TRY IT → What lines of the data below hold "split"? Show them.
───── SOURCE INFORMATION ─────
(* If $S$ is a cyclotomic numerical semigroup, then $S$ is symmetric.
   Context: A numerical semigroup is a submonoid $S$ of $(\mathbb N,+)$ with $\mathbb N\setminus S$ finite; its Frobenius number $\mathrm F(S)$ is the largest integer not in $S$. $S$ is symmetric if $S\cup(\mathrm F(S)-S)=\mathbb Z$, where $\mathrm F(S)-S=\{\mathrm F(S)-s: s\in S\}$. The semigroup polynomial is $\mathrm P_S(x)=(1-x)\sum_{s\in S}x^s$, and $S$ is cyclotomic if $\mathrm P_S$ (a monic integer polynomial) has all its complex roots in the closed unit disc. *)

theory Defs
  imports "HOL-Analysis.Analysis" "HOL-Computational_Algebra.Computational_Algebra"
begin

definition numerical_semigroup :: "nat set \<Rightarrow> bool" where
  "numerical_semigroup S \<longleftrightarrow> 0 \<in> S \<and> (\<forall>a\<in>S. \<forall>b\<in>S. a + b \<in> S) \<and> finite (UNIV - S)"

definition frobenius :: "nat set \<Rightarrow> int" where
  "frobenius S = Max ({-1} \<union> int ` (UNIV - S))"

definition symmetric_ns :: "nat set \<Rightarrow> bool" where
  "symmetric_ns S \<longleftrightarrow> int ` S \<union> (\<lambda>s. frobenius S - int s) ` S = (UNIV :: int set)"

definition semigroup_poly :: "nat set \<Rightarrow> int poly" where
  "semigroup_poly S = (THE p. fps_of_poly p = (1 - fps_X) * Abs_fps (\<lambda>n. if n \<in> S then 1 else 0))"

definition cyclotomic_ns :: "nat set \<Rightarrow> bool" where
  "cyclotomic_ns S \<longleftrightarrow>
     (\<forall>z::complex. poly (map_poly of_int (semigroup_poly S)) z = 0 \<longrightarrow> norm z \<le> 1)"

end

theory Submission imports Defs begin

text \<open>
  Write \<open>P\<^sub>S(x) = 1 + \<dots> + x\<^sup>F\<^sup>+\<^sup>1\<close>. Its constant term is \<open>1\<close>, so the product of its roots has
  modulus \<open>1\<close>; if all roots lie in the closed unit disc they therefore lie on the unit circle,
  where \<open>1/z = conj z\<close>. Since \<open>P\<^sub>S\<close> has real coefficients, its root multiset is then closed
  under \<open>z \<mapsto> 1/z\<close> and \<open>P\<^sub>S\<close> is self-reciprocal. The coefficient of \<open>x\<^sup>k\<close> in \<open>P\<^sub>S\<close> is
  \<open>[k \<in> S] - [k - 1 \<in> S]\<close>, and comparing these coefficients with those of \<open>x\<^sup>F\<^sup>+\<^sup>1 P\<^sub>S(1/x)\<close>
  shows by induction on \<open>k\<close> that \<open>k \<in> S \<longleftrightarrow> F - k \<notin> S\<close> for \<open>0 \<le> k \<le> F\<close>, which is symmetry.
\<close>

lemma prod_eq_1_imp_eq_1:
  fixes f :: "'a \<Rightarrow> real"
  assumes "finite A" and "\<And>i. i \<in> A \<Longrightarrow> 0 \<le> f i \<and> f i \<le> 1"
    and "prod f A = 1" and "i \<in> A"
  shows "f i = 1"
proof (rule ccontr)
  assume "f i \<noteq> 1"
  with assms(2,4) have "f i < 1" by fastforce
  have "prod f A = f i * prod f (A - {i})"
    using assms(1,4) by (simp add: prod.remove)
  also have "\<dots> \<le> f i * 1"
    using assms(2,4) by (intro mult_left_mono prod_le_1) auto
  finally show False using \<open>f i < 1\<close> assms(3) by simp
qed

lemma reflect_poly_eq_self_if_roots_in_unit_disc:
  fixes Q :: "complex poly"
  assumes monic: "lead_coeff Q = 1" and const: "coeff Q 0 = 1"
    and roots: "\<And>z. poly Q z = 0 \<Longrightarrow> norm z \<le> 1"
    and real: "map_poly cnj Q = Q"
  shows "reflect_poly Q = Q"
proof -
  define n where "n = degree Q"
  obtain r where "smult (lead_coeff Q) (\<Prod>i<degree Q. [:-r i, 1:]) = Q"
    by (rule complex_poly_decompose')
  then have Q: "Q = (\<Prod>i<n. [:-r i, 1:])" using monic n_def by simp
  then have poly_Q: "poly Q x = (\<Prod>i<n. x - r i)" for x by (simp add: poly_prod)
  have prod_neg_r: "(\<Prod>i<n. - r i) = 1"
    using poly_Q[of 0] const poly_0_coeff_0[of Q] by simp
  have "poly Q (r i) = 0" if "i < n" for i
    unfolding poly_Q using that by (auto simp: prod_zero_iff)
  then have "norm (r i) \<le> 1" if "i < n" for i
    using roots that by blast
  moreover have "(\<Prod>i<n. norm (r i)) = 1"
    using arg_cong[OF prod_neg_r, of norm] by (simp only: prod_norm[symmetric] norm_minus_cancel norm_one)
  ultimately have "norm (r i) = 1" if "i < n" for i
    using prod_eq_1_imp_eq_1[of "{..<n}" "\<lambda>i. norm (r i)" i] that by simp
  then have r_cnj: "r i * cnj (r i) = 1" if "i < n" for i
    using complex_norm_square[of "r i"] that by simp
  have reflect_linear: "reflect_poly [:-a, 1:] = [:1, -a:]" for a :: complex
    by (rule poly_eqI) (auto simp: coeff_reflect_poly coeff_pCons split: nat.split)
  have "poly (reflect_poly Q) x = poly Q x" for x
  proof -
    have "poly (reflect_poly Q) x = (\<Prod>i<n. 1 - r i * x)"
      by (simp add: Q reflect_poly_prod reflect_linear poly_prod mult.commute)
    also have "\<dots> = (\<Prod>i<n. - r i * (x - cnj (r i)))"
      using r_cnj by (intro prod.cong) (auto simp: algebra_simps)
    also have "\<dots> = (\<Prod>i<n. x - cnj (r i))"
      by (simp only: prod.distrib prod_neg_r mult_1_left)
    also have "\<dots> = cnj (poly Q (cnj x))" by (simp add: poly_Q)
    also have "\<dots> = poly Q x" by (metis poly_map_poly_cnj real)
    finally show ?thesis .
  qed
  then show ?thesis using poly_eq_poly_eq_iff by blast
qed

lemma reflect_int_poly_eq_self_if_roots_in_unit_disc:
  fixes p :: "int poly"
  assumes "lead_coeff p = 1" and "coeff p 0 = 1"
    and "\<And>z::complex. poly (map_poly of_int p) z = 0 \<Longrightarrow> norm z \<le> 1"
  shows "reflect_poly p = p"
proof -
  let ?Q = "map_poly (of_int :: int \<Rightarrow> complex) p"
  have degree_Q: "degree ?Q = degree p" by (simp add: degree_map_poly)
  have coeff_Q: "coeff ?Q k = of_int (coeff p k)" for k by (simp add: coeff_map_poly)
  have "reflect_poly ?Q = ?Q"
  proof (rule reflect_poly_eq_self_if_roots_in_unit_disc)
    show "map_poly cnj ?Q = ?Q" by (rule poly_eqI) (simp add: coeff_map_poly)
  qed (use assms degree_Q coeff_Q in auto)
  then have reflect_coeff: "coeff (reflect_poly ?Q) k = coeff ?Q k" for k by simp
  have "coeff (reflect_poly p) k = coeff p k" for k
    using reflect_coeff[of k] by (simp add: coeff_reflect_poly degree_Q coeff_Q split: if_splits)
  then show ?thesis by (rule poly_eqI)
qed

lemma mem_if_Max_less:
  assumes "finite (UNIV - S)" and "Max (UNIV - S) < k"
  shows "k \<in> S"
proof (rule ccontr)
  assume "k \<notin> S"
  then have "k \<le> Max (UNIV - S)" using assms(1) by (intro Max_ge) auto
  with assms(2) show False by simp
qed

lemma mem_if_frobenius_less:
  assumes "finite (UNIV - S)" and "frobenius S < int n"
  shows "n \<in> S"
  using assms Max_ge[of "{-1} \<union> int ` (UNIV - S)" "int n"]
  by (auto simp: frobenius_def)

lemma frobenius_eq_Max:
  assumes "finite (UNIV - S)" and "UNIV - S \<noteq> {}"
  shows "frobenius S = int (Max (UNIV - S))"
  unfolding frobenius_def
proof (rule Max_eqI)
  show "int (Max (UNIV - S)) \<in> {-1} \<union> int ` (UNIV - S)"
    using Max_in[OF assms] by simp
qed (use assms in auto)

lemma symmetric_nsI:
  assumes "finite (UNIV - S)"
    and "\<And>k. int k \<le> frobenius S \<Longrightarrow> k \<in> S \<or> nat (frobenius S - int k) \<in> S"
  shows "symmetric_ns S"
  unfolding symmetric_ns_def
proof (intro set_eqI iffI)
  fix z :: int
  let ?F = "frobenius S"
  have "-1 \<le> ?F" unfolding frobenius_def using assms(1) by (intro Max_ge) auto
  show "z \<in> int ` S \<union> (\<lambda>s. ?F - int s) ` S"
  proof (cases "z \<le> ?F")
    case False
    then have "nat z \<in> S" using assms(1) by (intro mem_if_frobenius_less) auto
    moreover have "z = int (nat z)" using False \<open>-1 \<le> ?F\<close> by simp
    ultimately show ?thesis by (metis UnI1 imageI)
  next
    case True
    show ?thesis
    proof (cases "0 \<le> z")
      case z_nonneg: True
      then have "nat z \<in> S \<or> nat (?F - z) \<in> S" using assms(2)[of "nat z"] True by simp
      moreover have "z = int (nat z)" "z = ?F - int (nat (?F - z))" using True z_nonneg by auto
      ultimately show ?thesis by (metis UnI1 UnI2 imageI)
    next
      case False
      have "z = ?F - int (nat (?F - z))" and "?F < int (nat (?F - z))"
        using False True by auto
      then show ?thesis using mem_if_frobenius_less[OF assms(1)] by blast
    qed
  qed
qed simp

lemma coeff_semigroup_poly:
  assumes "finite (UNIV - S)"
  shows "coeff (semigroup_poly S) k = of_bool (k \<in> S) - of_bool (0 < k \<and> k - 1 \<in> S)"
proof -
  define c :: "nat \<Rightarrow> int" where "c k = of_bool (k \<in> S) - of_bool (0 < k \<and> k - 1 \<in> S)" for k
  define N where "N = Max (UNIV - S) + 2"
  define P where "P = Poly (map c [0..<N])"
  have "c k = 0" if "N \<le> k" for k
  proof -
    have "0 < k" "k \<in> S" "k - 1 \<in> S"
      using \<open>N \<le> k\<close> mem_if_Max_less[OF assms] by (auto simp: N_def)
    then show ?thesis by (simp add: c_def)
  qed
  then have coeff_P: "coeff P n = c n" for n
    by (auto simp: P_def nth_default_def not_less simp del: upt_Suc)
  have fps_P: "fps_of_poly P = (1 - fps_X) * Abs_fps (\<lambda>n. if n \<in> S then 1 else 0)"
    by (rule fps_ext) (simp add: coeff_P c_def left_diff_distrib)
  have "semigroup_poly S = P"
    unfolding semigroup_poly_def
  proof (rule the_equality)
    fix p :: "int poly"
    assume "fps_of_poly p = (1 - fps_X) * Abs_fps (\<lambda>n. if n \<in> S then 1 else 0)"
    with fps_P show "p = P" by (metis fps_of_poly_eq_iff)
  qed (rule fps_P)
  then show ?thesis by (simp add: coeff_P c_def)
qed

lemma degree_semigroup_poly:
  assumes "finite (UNIV - S)" and "UNIV - S \<noteq> {}"
  shows "degree (semigroup_poly S) = Max (UNIV - S) + 1"
proof -
  have "Max (UNIV - S) \<notin> S" using Max_in[OF assms] by simp
  then show ?thesis using mem_if_Max_less[OF assms(1)]
    by (intro antisym degree_le le_degree) (auto simp: coeff_semigroup_poly[OF assms(1)])
qed

lemma lead_coeff_semigroup_poly:
  assumes "finite (UNIV - S)"
  shows "lead_coeff (semigroup_poly S) = 1"
proof (cases "S = UNIV")
  case True
  have "semigroup_poly S = 1"
    by (rule poly_eqI) (unfold coeff_semigroup_poly[OF assms], simp add: True)
  then show ?thesis by simp
next
  case False
  then have "UNIV - S \<noteq> {}" by auto
  then show ?thesis using assms Max_in[OF assms] mem_if_Max_less[OF assms, of "Max (UNIV - S) + 1"]
    by (simp add: degree_semigroup_poly coeff_semigroup_poly)
qed

lemma palindromic_indicator_difference_imp_symmetric:
  fixes S :: "nat set"
  defines "c \<equiv> \<lambda>k. of_bool (k \<in> S) - of_bool (0 < k \<and> k - 1 \<in> S) :: int"
  assumes "0 \<in> S" and "m \<notin> S" and palindromic: "\<And>k. k \<le> m + 1 \<Longrightarrow> c k = c (m + 1 - k)"
  shows "k \<le> m \<Longrightarrow> k \<in> S \<longleftrightarrow> m - k \<notin> S"
proof (induction k)
  case 0
  with assms show ?case by simp
next
  case (Suc k)
  then have "k \<in> S \<longleftrightarrow> m - k \<notin> S" and "c (Suc k) = c (m - k)" and "m - k - 1 = m - Suc k"
    using palindromic[of "Suc k"] by auto
  with Suc.prems show ?case by (auto simp: c_def split: if_splits)
qed

lemma symmetric_if_reflect_semigroup_poly_eq:
  assumes "numerical_semigroup S" and reflect: "reflect_poly (semigroup_poly S) = semigroup_poly S"
  shows "symmetric_ns S"
proof (cases "S = UNIV")
  case True
  then have "frobenius S = -1" by (simp add: frobenius_def)
  then show ?thesis by (intro symmetric_nsI) (auto simp: True)
next
  case False
  let ?m = "Max (UNIV - S)"
  have fin: "finite (UNIV - S)" and "0 \<in> S" and gaps: "UNIV - S \<noteq> {}"
    using assms(1) False by (auto simp: numerical_semigroup_def)
  have "?m \<notin> S" using Max_in[OF fin gaps] by simp
  have "coeff (semigroup_poly S) k = coeff (semigroup_poly S) (?m + 1 - k)"
    if "k \<le> ?m + 1" for k
    using arg_cong[OF reflect, of "\<lambda>p. coeff p k"] that
    by (simp add: coeff_reflect_poly degree_semigroup_poly[OF fin gaps])
  then have palindromic: "k \<in> S \<longleftrightarrow> ?m - k \<notin> S" if "k \<le> ?m" for k
    using palindromic_indicator_difference_imp_symmetric[OF \<open>0 \<in> S\<close> \<open>?m \<notin> S\<close> _ that]
    unfolding coeff_semigroup_poly[OF fin] by blast
  show ?thesis
  proof (rule symmetric_nsI[OF fin])
    fix k
    assume "int k \<le> frobenius S"
    then have "k \<le> ?m" and "nat (frobenius S - int k) = ?m - k"
      by (simp_all add: frobenius_eq_Max[OF fin gaps])
    then show "k \<in> S \<or> nat (frobenius S - int k) \<in> S" using palindromic[of k] by simp
  qed
qed

theorem theorem1:
  fixes S :: "nat set"
  assumes "numerical_semigroup S" and "cyclotomic_ns S"
  shows "symmetric_ns S"
proof -
  have fin: "finite (UNIV - S)" and "0 \<in> S"
    using assms(1) by (auto simp: numerical_semigroup_def)
  have "reflect_poly (semigroup_poly S) = semigroup_poly S"
  proof (rule reflect_int_poly_eq_self_if_roots_in_unit_disc)
    show "lead_coeff (semigroup_poly S) = 1" using fin by (rule lead_coeff_semigroup_poly)
    show "coeff (semigroup_poly S) 0 = 1" using fin \<open>0 \<in> S\<close> by (simp add: coeff_semigroup_poly)
  qed (use assms(2) cyclotomic_ns_def in blast)
  with assms(1) show ?thesis by (rule symmetric_if_reflect_semigroup_poly_eq)
qed

end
─────
SOLUTION FOR THIS PROBLEM →
    by (rule poly_eqI) (auto simp: coeff_reflect_poly coeff_pCons split: nat.split)
    using reflect_coeff[of k] by (simp add: coeff_reflect_poly degree_Q coeff_Q split: if_splits)
  with Suc.prems show ?case by (auto simp: c_def split: if_splits)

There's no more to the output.